Angus Fraser, a staunch friend to so many who served in the Regiment, died in December 1994 after a long illness borne with quite outstanding courage.
Educated at Wellington, where he was a superb athlete and games player, he later found fun and adventure in Canada. Working in Montreal he served as a young Militia officer with our Allied Regiment, The Royal Canadian Hussars (Montreal). This first taste of soldiering persuaded him to take it more seriously and he joined The Queen’s Royal Irish Hussars in Aden in 1962.
He then saw further active service as a troop leader in Malaya, Sabah and Brunei. Older than the average cornet, his maturity, well-developed personality and all-around ability already marked him out of the crowd.
A year later he trained as a helicopter pilot, joining the Regiment’s air troop in Wolfenbüttel. By now he was clearly regarded by his contemporaries as primus inter pares; good fun to have around, a ferocious competitor in sport and pretty well everything else, efficient, robustly self-confident, wise beyond his years, blessed with immense charm and an absolute danger to shipping when it came to attractive young women.
In spite of bending bits of two helicopters, Angus was the obvious choice to be seconded to command the 17/21L Air Troop.
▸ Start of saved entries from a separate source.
(* Let $\mathcal G$ be an input-output network with input nodes $\iota_1,\dots,\iota_n$ and output node $o$. Partition the remaining nodes into: $\sigma$-nodes (upstream from $o$ and downstream from at least one input node), $d$-nodes (not downstream from any input node), and $u$-nodes (downstream from at least one input node but not upstream from $o$). Consider an admissible system of the form $$\dot x_{\iota_m}=f_{\iota_m}(x_{\iota},x_\sigma,x_d,x_o,\mathcal I)\ (m=1,\dots,n),\quad \dot x_\sigma=f_\sigma(x_\iota,x_\sigma,x_d,x_o),\quad \dot x_u=f_u(x_\iota,x_\sigma,x_u,x_d,x_o),$$ $$\dot x_d=f_d(x_d),\quad \dot x_o=f_o(x_\iota,x_\sigma,x_d,x_o),$$ where $x_\iota=(x_{\iota_1},\dots,x_{\iota_n})$. Suppose $X_0=(x_\iota^*,x_\sigma^*,x_u^*,x_d^*,x_o^* )$ is a linearly stable equilibrium of this system (for some fixed value of $\mathcal I$). Then the core admissible system obtained by freezing $x_d$ at $x_d^*$, $$\dot x_{\iota_m}=f_{\iota_m}(x_\iota,x_\sigma,x_d^*,x_o,\mathcal I),\quad \dot x_\sigma=f_\sigma(x_\iota,x_\sigma,x_d^*,x_o),\quad \dot x_o=f_o(x_\iota,x_\sigma,x_d^*,x_o),$$ has a linearly stable equilibrium at $Y_0=(x_\iota^*,x_\sigma^*,x_o^* )$ (for the same value of $\mathcal I$).
   Context: A node $b$ is downstream from a node $a$ (and $a$ upstream from $b$) if there is a directed path from $a$ to $b$; every node is upstream and downstream from itself. An admissible system assigns a real variable to each node, is smooth, only the input-node equations depend on the scalar input parameter $\mathcal I$, and $\partial f_j/\partial x_\ell\equiv0$ unless there is an arrow $\ell\to j$. An equilibrium is linearly stable if all eigenvalues of the Jacobian there have negative real part. *)

theory Defs
  imports "HOL-Analysis.Analysis"
begin

text \<open>Nodes form a finite type 'n; a state is a vector in real^'n; the vector field
  of an admissible system is f :: 'n => real^'n => real => real, where the last argument
  is the input parameter I.\<close>

definition pderiv_x :: "(real^'n \<Rightarrow> real \<Rightarrow> real) \<Rightarrow> real^'n \<Rightarrow> real \<Rightarrow> 'n \<Rightarrow> real" where
  "pderiv_x g x I k = deriv (\<lambda>t. g (x + t *\<^sub>R axis k 1) I) 0"

text \<open>Smoothness (C-infinity): g belongs to a family of continuous functions closed under
  taking partial derivatives in every direction (all state coordinates and I).\<close>
definition smooth_fun :: "(real^'n \<Rightarrow> real \<Rightarrow> real) \<Rightarrow> bool" where
  "smooth_fun g \<longleftrightarrow> (\<exists>S. g \<in> S \<and>
     (\<forall>h\<in>S. continuous_on UNIV (\<lambda>(x, I). h x I)
        \<and> (\<forall>k. \<exists>h'\<in>S. \<forall>x I. ((\<lambda>t. h (x + t *\<^sub>R axis k 1) I) has_real_derivative h' x I) (at 0))
        \<and> (\<exists>h'\<in>S. \<forall>x I. ((\<lambda>t. h x (I + t)) has_real_derivative h' x I) (at 0))))"

definition downstream :: "('n \<times> 'n) set \<Rightarrow> 'n \<Rightarrow> 'n \<Rightarrow> bool" where
  "downstream E a b \<longleftrightarrow> (a, b) \<in> E\<^sup>*"

definition sigma_nodes :: "('n \<times> 'n) set \<Rightarrow> 'n set \<Rightarrow> 'n \<Rightarrow> 'n set" where
  "sigma_nodes E Ins out = {k. k \<notin> Ins \<and> k \<noteq> out \<and> downstream E k out
      \<and> (\<exists>i\<in>Ins. downstream E i k)}"

definition d_nodes :: "('n \<times> 'n) set \<Rightarrow> 'n set \<Rightarrow> 'n \<Rightarrow> 'n set" where
  "d_nodes E Ins out = {k. k \<notin> Ins \<and> k \<noteq> out \<and> \<not> (\<exists>i\<in>Ins. downstream E i k)}"

definition u_nodes :: "('n \<times> 'n) set \<Rightarrow> 'n set \<Rightarrow> 'n \<Rightarrow> 'n set" where
  "u_nodes E Ins out = {k. k \<notin> Ins \<and> k \<noteq> out \<and> \<not> downstream E k out
      \<and> (\<exists>i\<in>Ins. downstream E i k)}"

definition admissible :: "('n \<times> 'n) set \<Rightarrow> 'n set \<Rightarrow> ('n \<Rightarrow> real^'n \<Rightarrow> real \<Rightarrow> real) \<Rightarrow> bool" where
  "admissible E Ins f \<longleftrightarrow>
     (\<forall>j. smooth_fun (f j))
   \<and> (\<forall>j. j \<notin> Ins \<longrightarrow> (\<forall>x I I'. f j x I = f j x I'))
   \<and> (\<forall>j l. l \<noteq> j \<and> (l, j) \<notin> E \<longrightarrow> (\<forall>x I. pderiv_x (f j) x I l = 0))"

definition eigenvalue_on :: "'n set \<Rightarrow> ('n \<Rightarrow> 'n \<Rightarrow> real) \<Rightarrow> complex \<Rightarrow> bool" where
  "eigenvalue_on S M mu \<longleftrightarrow> (\<exists>v :: 'n \<Rightarrow> complex. (\<exists>k\<in>S. v k \<noteq> 0)
      \<and> (\<forall>j\<in>S. (\<Sum>k\<in>S. complex_of_real (M j k) * v k) = mu * v j))"

definition lin_stable_equilibrium ::
  "'n set \<Rightarrow> ('n \<Rightarrow> real^'n \<Rightarrow> real \<Rightarrow> real) \<Rightarrow> real^'n \<Rightarrow> real \<Rightarrow> bool" where
  "lin_stable_equilibrium S f X0 I0 \<longleftrightarrow>
     (\<forall>j\<in>S. f j X0 I0 = 0)
   \<and> (\<forall>mu. eigenvalue_on S (\<lambda>j k. pderiv_x (f j) X0 I0 k) mu \<longrightarrow> Re mu < 0)"

definition freeze :: "'n set \<Rightarrow> real^'n \<Rightarrow> real^'n \<Rightarrow> real^'n" where
  "freeze S X0 y = (\<chi> k. if k \<in> S then y $ k else X0 $ k)"

end

theory Submission
  imports Defs
begin

text \<open>Let C be the core nodes and D the d-nodes; the remaining nodes are the u-nodes.
  By the form of the equations the Jacobian J is block upper triangular with respect to
  the splitting (-D, D), and its (-D)-block is block lower triangular with respect to
  (C, u-nodes). So an eigenvector of the C-block extends to an eigenvector of the (-D)-block,
  by zero if \<mu> is an eigenvalue of the u-block and otherwise by solving the invertible system
  (J_uu - \<mu>) w = -J_uC v, and then by zero to an eigenvector of J. Hence the
  spectrum of the core Jacobian lies in that of J.\<close>

lemma eigenvalue_on_extend_by_zero:
  fixes M :: "'n \<Rightarrow> 'n \<Rightarrow> real"
  assumes "finite B" "A \<subseteq> B"
    and no_inflow: "\<And>j k. j \<in> B - A \<Longrightarrow> k \<in> A \<Longrightarrow> M j k = 0"
    and "eigenvalue_on A M mu"
  shows "eigenvalue_on B M mu"
proof -
  obtain v where v_nonzero: "\<exists>k\<in>A. v k \<noteq> 0"
    and v_eigen: "\<forall>j\<in>A. (\<Sum>k\<in>A. complex_of_real (M j k) * v k) = mu * v j"
    using assms(4) unfolding eigenvalue_on_def by blast
  define z where "z k = (if k \<in> A then v k else 0)" for k
  have sum_B: "(\<Sum>k\<in>B. complex_of_real (M j k) * z k) = (\<Sum>k\<in>A. complex_of_real (M j k) * v k)"
    for j
    using assms(1,2) by (intro sum.mono_neutral_cong_right) (auto simp: z_def)
  have "\<forall>j\<in>B. (\<Sum>k\<in>B. complex_of_real (M j k) * z k) = mu * z j"
    unfolding sum_B using v_eigen no_inflow by (auto simp: z_def)
  moreover have "\<exists>k\<in>B. z k \<noteq> 0"
    using v_nonzero assms(2) by (auto simp: z_def)
  ultimately show ?thesis
    unfolding eigenvalue_on_def by blast
qed

lemma shifted_block_solvable_if_not_eigenvalue:
  fixes M :: "'n::finite \<Rightarrow> 'n \<Rightarrow> real"
  assumes "\<not> eigenvalue_on U M mu"
  shows "\<exists>w. \<forall>j\<in>U. (\<Sum>k\<in>U. complex_of_real (M j k) * w k) - mu * w j = b j"
proof -
  define L where "L w = (\<chi> j. if j \<in> U
      then (\<Sum>k\<in>U. complex_of_real (M j k) * w $ k) - mu * w $ j else w $ j)" for w
  have "linear L"
    by (rule linearI) (auto simp: L_def vec_eq_iff sum.distrib algebra_simps scaleR_sum_right)
  moreover have "w = 0" if "L w = 0" for w
  proof -
    have "\<forall>j\<in>U. (\<Sum>k\<in>U. complex_of_real (M j k) * w $ k) = mu * w $ j"
      and outside: "\<forall>j. j \<notin> U \<longrightarrow> w $ j = 0"
      using that by (auto simp: L_def vec_eq_iff split: if_splits)
    then have "\<forall>k\<in>U. w $ k = 0"
      using assms unfolding eigenvalue_on_def by blast
    with outside show "w = 0"
      by (auto simp: vec_eq_iff)
  qed
  ultimately have "surj L"
    using linear_inj_imp_surj linear_injective_0 by blast
  then obtain w where "L w = (\<chi> j. b j)"
    by (metis surjD)
  then have L_w: "L w $ j = b j" for j
    by simp
  have "(\<Sum>k\<in>U. complex_of_real (M j k) * w $ k) - mu * w $ j = b j" if "j \<in> U" for j
    using L_w[of j] that by (simp add: L_def)
  then show ?thesis by blast
qed

lemma eigenvalue_on_extend_by_solving:
  fixes M :: "'n::finite \<Rightarrow> 'n \<Rightarrow> real"
  assumes "C \<subseteq> A"
    and no_inflow: "\<And>j k. j \<in> C \<Longrightarrow> k \<in> A - C \<Longrightarrow> M j k = 0"
    and eigen_C: "eigenvalue_on C M mu"
  shows "eigenvalue_on A M mu"
proof (cases "eigenvalue_on (A - C) M mu")
  case True
  show ?thesis
    by (rule eigenvalue_on_extend_by_zero[OF finite Diff_subset _ True]) (simp add: no_inflow)
next
  case False
  obtain v where v_nonzero: "\<exists>k\<in>C. v k \<noteq> 0"
    and v_eigen: "\<forall>j\<in>C. (\<Sum>k\<in>C. complex_of_real (M j k) * v k) = mu * v j"
    using eigen_C unfolding eigenvalue_on_def by blast
  obtain w where w_solves: "\<forall>j\<in>A - C. (\<Sum>k\<in>A - C. complex_of_real (M j k) * w k) - mu * w j
      = - (\<Sum>k\<in>C. complex_of_real (M j k) * v k)"
    using shifted_block_solvable_if_not_eigenvalue[OF False,
        where b = "\<lambda>j. - (\<Sum>k\<in>C. complex_of_real (M j k) * v k)"] by blast
  define z where "z k = (if k \<in> C then v k else w k)" for k
  have sum_split: "(\<Sum>k\<in>A. complex_of_real (M j k) * z k)
      = (\<Sum>k\<in>C. complex_of_real (M j k) * v k) + (\<Sum>k\<in>A - C. complex_of_real (M j k) * w k)"
    for j
    using assms(1) by (simp add: sum.subset_diff[of C A] z_def)
  have "(\<Sum>k\<in>A. complex_of_real (M j k) * z k) = mu * z j" if "j \<in> A" for j
  proof (cases "j \<in> C")
    case True
    then show ?thesis
      unfolding sum_split using v_eigen no_inflow by (simp add: z_def)
  next
    case False
    then show ?thesis
      unfolding sum_split using w_solves that by (simp add: z_def algebra_simps)
  qed
  moreover have "\<exists>k\<in>A. z k \<noteq> 0"
    using v_nonzero assms(1) by (auto simp: z_def)
  ultimately show ?thesis
    unfolding eigenvalue_on_def by blast
qed

lemma eigenvalue_on_UNIV_if_block_triangular:
  fixes M :: "'n::finite \<Rightarrow> 'n \<Rightarrow> real"
  assumes "C \<inter> D = {}"
    and C_rows: "\<And>j k. j \<in> C \<Longrightarrow> k \<notin> C \<union> D \<Longrightarrow> M j k = 0"
    and D_rows: "\<And>j k. j \<in> D \<Longrightarrow> k \<notin> D \<Longrightarrow> M j k = 0"
    and "eigenvalue_on C M mu"
  shows "eigenvalue_on UNIV M mu"
proof -
  have "eigenvalue_on (- D) M mu"
    by (rule eigenvalue_on_extend_by_solving[OF _ _ assms(4)]) (use assms(1) C_rows in auto)
  then show ?thesis
    by (intro eigenvalue_on_extend_by_zero[OF finite subset_UNIV]) (simp_all add: D_rows)
qed

lemma pderiv_x_eq_0_if_independent:
  assumes "\<And>x x'. \<forall>k\<in>K. x $ k = x' $ k \<Longrightarrow> g x I = g x' I" and "l \<notin> K"
  shows "pderiv_x g x I l = 0"
proof -
  have "(\<lambda>t. g (x + t *\<^sub>R axis l 1) I) = (\<lambda>t. g x I)"
    using assms by (intro ext assms(1)) (auto simp: axis_def)
  then show ?thesis
    unfolding pderiv_x_def by simp
qed

lemma freeze_self: "freeze S x x = x"
  by (simp add: freeze_def vec_eq_iff)

lemma pderiv_x_freeze:
  assumes "l \<in> S"
  shows "pderiv_x (\<lambda>y I. g (freeze S x y) I) x I l = pderiv_x g x I l"
proof -
  have "freeze S x (x + t *\<^sub>R axis l 1) = x + t *\<^sub>R axis l 1" for t
    using assms by (auto simp: freeze_def vec_eq_iff axis_def)
  then show ?thesis
    unfolding pderiv_x_def by simp
qed

lemma eigenvalue_on_Jacobian_freeze:
  "eigenvalue_on S (\<lambda>j l. pderiv_x (\<lambda>y I. g j (freeze S x y) I) x I l) mu
    \<longleftrightarrow> eigenvalue_on S (\<lambda>j l. pderiv_x (g j) x I l) mu"
  unfolding eigenvalue_on_def by (simp add: pderiv_x_freeze cong: sum.cong)

lemma core_nodes_disjoint_d_nodes:
  "(Ins \<union> sigma_nodes E Ins out \<union> {out}) \<inter> d_nodes E Ins out = {}"
  by (auto simp: sigma_nodes_def d_nodes_def downstream_def)

theorem lemma3p1:
  fixes E :: "('n::finite \<times> 'n) set" and Ins :: "'n set" and out :: 'n
    and f :: "'n \<Rightarrow> real^'n \<Rightarrow> real \<Rightarrow> real" and X0 :: "real^'n" and I0 :: real
  assumes net: "Ins \<noteq> {}" "out \<notin> Ins"
    and adm: "admissible E Ins f"
    and form_core: "\<And>j x x' I. j \<in> Ins \<union> sigma_nodes E Ins out \<union> {out} \<Longrightarrow>
        (\<forall>k\<in>Ins \<union> sigma_nodes E Ins out \<union> d_nodes E Ins out \<union> {out}. x $ k = x' $ k) \<Longrightarrow>
        f j x I = f j x' I"
    and form_d: "\<And>j x x' I. j \<in> d_nodes E Ins out \<Longrightarrow>
        (\<forall>k\<in>d_nodes E Ins out. x $ k = x' $ k) \<Longrightarrow> f j x I = f j x' I"
    and stable: "lin_stable_equilibrium UNIV f X0 I0"
  shows "lin_stable_equilibrium (Ins \<union> sigma_nodes E Ins out \<union> {out})
           (\<lambda>j y I. f j (freeze (Ins \<union> sigma_nodes E Ins out \<union> {out}) X0 y) I) X0 I0"
proof -
  define C where "C = Ins \<union> sigma_nodes E Ins out \<union> {out}"
  define D where "D = d_nodes E Ins out"
  define M where "M = (\<lambda>j k. pderiv_x (f j) X0 I0 k)"
  have core_rows: "M j k = 0" if "j \<in> C" "k \<notin> C \<union> D" for j k
  proof -
    have "f j x I0 = f j x' I0" if "\<forall>k\<in>C \<union> D. x $ k = x' $ k" for x x'
      by (rule form_core) (use \<open>j \<in> C\<close> that in \<open>auto simp: C_def D_def\<close>)
    then show ?thesis
      unfolding M_def using \<open>k \<notin> C \<union> D\<close> by (rule pderiv_x_eq_0_if_independent)
  qed
  have d_rows: "M j k = 0" if "j \<in> D" "k \<notin> D" for j k
  proof -
    have "f j x I0 = f j x' I0" if "\<forall>k\<in>D. x $ k = x' $ k" for x x'
      by (rule form_d) (use \<open>j \<in> D\<close> that in \<open>auto simp: D_def\<close>)
    then show ?thesis
      unfolding M_def using \<open>k \<notin> D\<close> by (rule pderiv_x_eq_0_if_independent)
  qed
  have "C \<inter> D = {}"
    unfolding C_def D_def by (rule core_nodes_disjoint_d_nodes)
  then have "Re mu < 0" if "eigenvalue_on C M mu" for mu
    using eigenvalue_on_UNIV_if_block_triangular[OF _ core_rows d_rows that] stable
    unfolding lin_stable_equilibrium_def M_def by blast
  then show ?thesis
    using stable unfolding lin_stable_equilibrium_def C_def[symmetric] M_def
    by (simp add: freeze_self eigenvalue_on_Jacobian_freeze)
qed

end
He led his pilots with flair, close attention to important detail and a quick grasp of the essentials which made him such an effective adjutant and business leader later. In 1967, at the age of 28, he took over as adjutant from Rodney Martin and served Col Ken Bidie and the Regiment with a devotion to duty which earned that distinguished commanding officer’s profound respect and life-long friendship.
During this time Angus honed those qualities which were to secure his success in later life. In his relentless pursuit of perfection and the maintenance of traditional values, he drove himself hard. In the process, he often frightened the guilty and the slothful, but without ever being vindictive. He never suffered fools gladly but there were many who discovered, often to their surprise, that he could be kind, sympathetic and generous underneath that imposing exterior.
No doubt he appeared arrogant at times, but everyone accepted that this was borne of justifiable confidence in his ability and a disdain for those who were not prepared to strive as best they could in the Regiment’s interest. While conscientiously serving as adjutant he never lost his sense of fun, on and off duty.
His irreverent humour and gregarious nature ensured that laughter was always at hand, even when the pressure was on, and he was splendid company at any party.
Angus Fraser was a good soldier, and he knew it. During his second year as adjutant, and approaching the critical age of 30, he agonised over whether to stay or seek his fortune outside. So many suffer the same quandary, but in 1969 he resigned, married Libby and joined Watney Mann as a trainee manager.
He ensured that the defence of the realm continued in safe hands, however, by visiting the Regiment over the next eight years for training as an officer in the RAC pool of the TAVR, dovetailing this with an increasingly successful business career. He then remained in the Regular Army Reserve of Officers for a further 11 years.
His rapid progress in Watney Mann (later Grand Metropolitan) established his credentials as an astute business manager and charismatic leader. He rose rapidly to become deputy managing director of Chef and Brewer, during which he attended the advanced management course at Harvard Business School in the USA.
After nine hectic years, he moved on. He had always been a keen and knowledgeable field sportsman, with a particular interest in shooting, and was offered the post of director of the British Field Sports Society. However, he accepted in its stead the appointment as managing director of Whitbread Inns, with a seat on the Whitbread Group executive board.
During six very demanding years, Angus energetically transformed this division; as a result, profitability and profit volume both grew dramatically. It was the high point of his commercial career.
On leaving Whitbread in 1991, and in spite of increasing ill health, he soon built up a portfolio of non-executive directorships and consultancies. This busy but rather less frantic stage allowed him to pay more attention to Hornton Hall and its lovely garden, which he and Libby had bought from another splendid regimental personality, Brig ‘Scotty’ Scott-Cockburn and his wife Patsie. During this period he served as chairman of the Warwickshire branch of the BFSS, revitalising its activities and infusing a new sense of purpose.
Angus’ immense sense of fun, robust personality and knack for handling people of every sort and at all levels made him an outstanding leader. His vision, thorough planning, organising ability and quick intelligence ensured his huge success in the mainstream activities of two major groups in a highly competitive industry.
Above all else his honesty and integrity were absolute; this and his fund of commonsense meant that however popular or uncomfortable, his opinions were always respected and valued.
As one of his many business friends wrote: ‘Angus was much loved and respected by so many – it was the key to his success. As an indication of this, over 600 people from all walks of life, including many from the Regiment, attended his memorial service last February.
It was a touching and fitting tribute to a busy and talented man who always kept in touch with people in or from the Regiment, amongst who he counted many of his closest friends. Above everything else, Angus Fraser held a deep affection for and sense of loyalty towards all his family. Our hearts go out to them, and in particular to his wife Libby and their daughters Sophie, Camilla and Emma.